- [DATASET RECORDS]
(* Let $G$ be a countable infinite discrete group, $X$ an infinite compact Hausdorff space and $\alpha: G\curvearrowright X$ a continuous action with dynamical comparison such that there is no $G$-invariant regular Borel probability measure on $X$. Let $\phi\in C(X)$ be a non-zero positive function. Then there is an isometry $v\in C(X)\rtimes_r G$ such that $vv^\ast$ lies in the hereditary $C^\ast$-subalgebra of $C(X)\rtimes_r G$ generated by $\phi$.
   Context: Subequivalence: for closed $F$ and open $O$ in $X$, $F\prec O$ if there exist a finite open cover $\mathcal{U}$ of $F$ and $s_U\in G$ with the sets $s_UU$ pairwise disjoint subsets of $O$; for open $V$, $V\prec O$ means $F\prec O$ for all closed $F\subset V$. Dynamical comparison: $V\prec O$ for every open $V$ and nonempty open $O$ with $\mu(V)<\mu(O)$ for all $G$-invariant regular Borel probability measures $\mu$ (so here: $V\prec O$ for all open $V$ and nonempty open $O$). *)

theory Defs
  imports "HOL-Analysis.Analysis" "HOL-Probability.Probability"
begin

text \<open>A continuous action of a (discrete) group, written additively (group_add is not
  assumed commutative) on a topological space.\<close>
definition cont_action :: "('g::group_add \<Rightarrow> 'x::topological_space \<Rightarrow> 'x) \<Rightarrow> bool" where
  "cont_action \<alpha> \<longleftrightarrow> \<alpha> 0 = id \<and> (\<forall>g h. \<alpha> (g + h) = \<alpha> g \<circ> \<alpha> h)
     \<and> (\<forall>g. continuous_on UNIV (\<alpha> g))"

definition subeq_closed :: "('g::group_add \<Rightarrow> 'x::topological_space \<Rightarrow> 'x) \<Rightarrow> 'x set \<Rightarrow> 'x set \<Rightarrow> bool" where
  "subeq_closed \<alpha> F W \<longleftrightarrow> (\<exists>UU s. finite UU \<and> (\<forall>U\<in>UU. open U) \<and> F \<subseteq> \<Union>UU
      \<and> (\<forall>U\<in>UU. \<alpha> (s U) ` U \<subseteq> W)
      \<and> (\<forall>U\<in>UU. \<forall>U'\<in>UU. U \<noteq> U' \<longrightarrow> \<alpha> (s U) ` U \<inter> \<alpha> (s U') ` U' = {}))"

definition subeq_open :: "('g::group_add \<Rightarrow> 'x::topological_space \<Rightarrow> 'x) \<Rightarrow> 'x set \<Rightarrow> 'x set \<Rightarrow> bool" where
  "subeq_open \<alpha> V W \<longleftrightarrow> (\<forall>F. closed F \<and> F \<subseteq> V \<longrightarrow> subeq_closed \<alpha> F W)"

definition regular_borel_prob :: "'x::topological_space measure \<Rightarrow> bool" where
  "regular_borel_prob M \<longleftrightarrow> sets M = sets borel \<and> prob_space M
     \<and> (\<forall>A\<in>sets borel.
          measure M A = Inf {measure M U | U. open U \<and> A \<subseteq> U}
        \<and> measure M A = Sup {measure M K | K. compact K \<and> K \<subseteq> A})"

- [PROMPT]
The lines to copy are those above that contain the string "longrightarrow".

- [YOUR RESPONSE]
      \<and> (\<forall>U\<in>UU. \<forall>U'\<in>UU. U \<noteq> U' \<longrightarrow> \<alpha> (s U) ` U \<inter> \<alpha> (s U') ` U' = {}))"
  "subeq_open \<alpha> V W \<longleftrightarrow> (\<forall>F. closed F \<and> F \<subseteq> V \<longrightarrow> subeq_closed \<alpha> F W)"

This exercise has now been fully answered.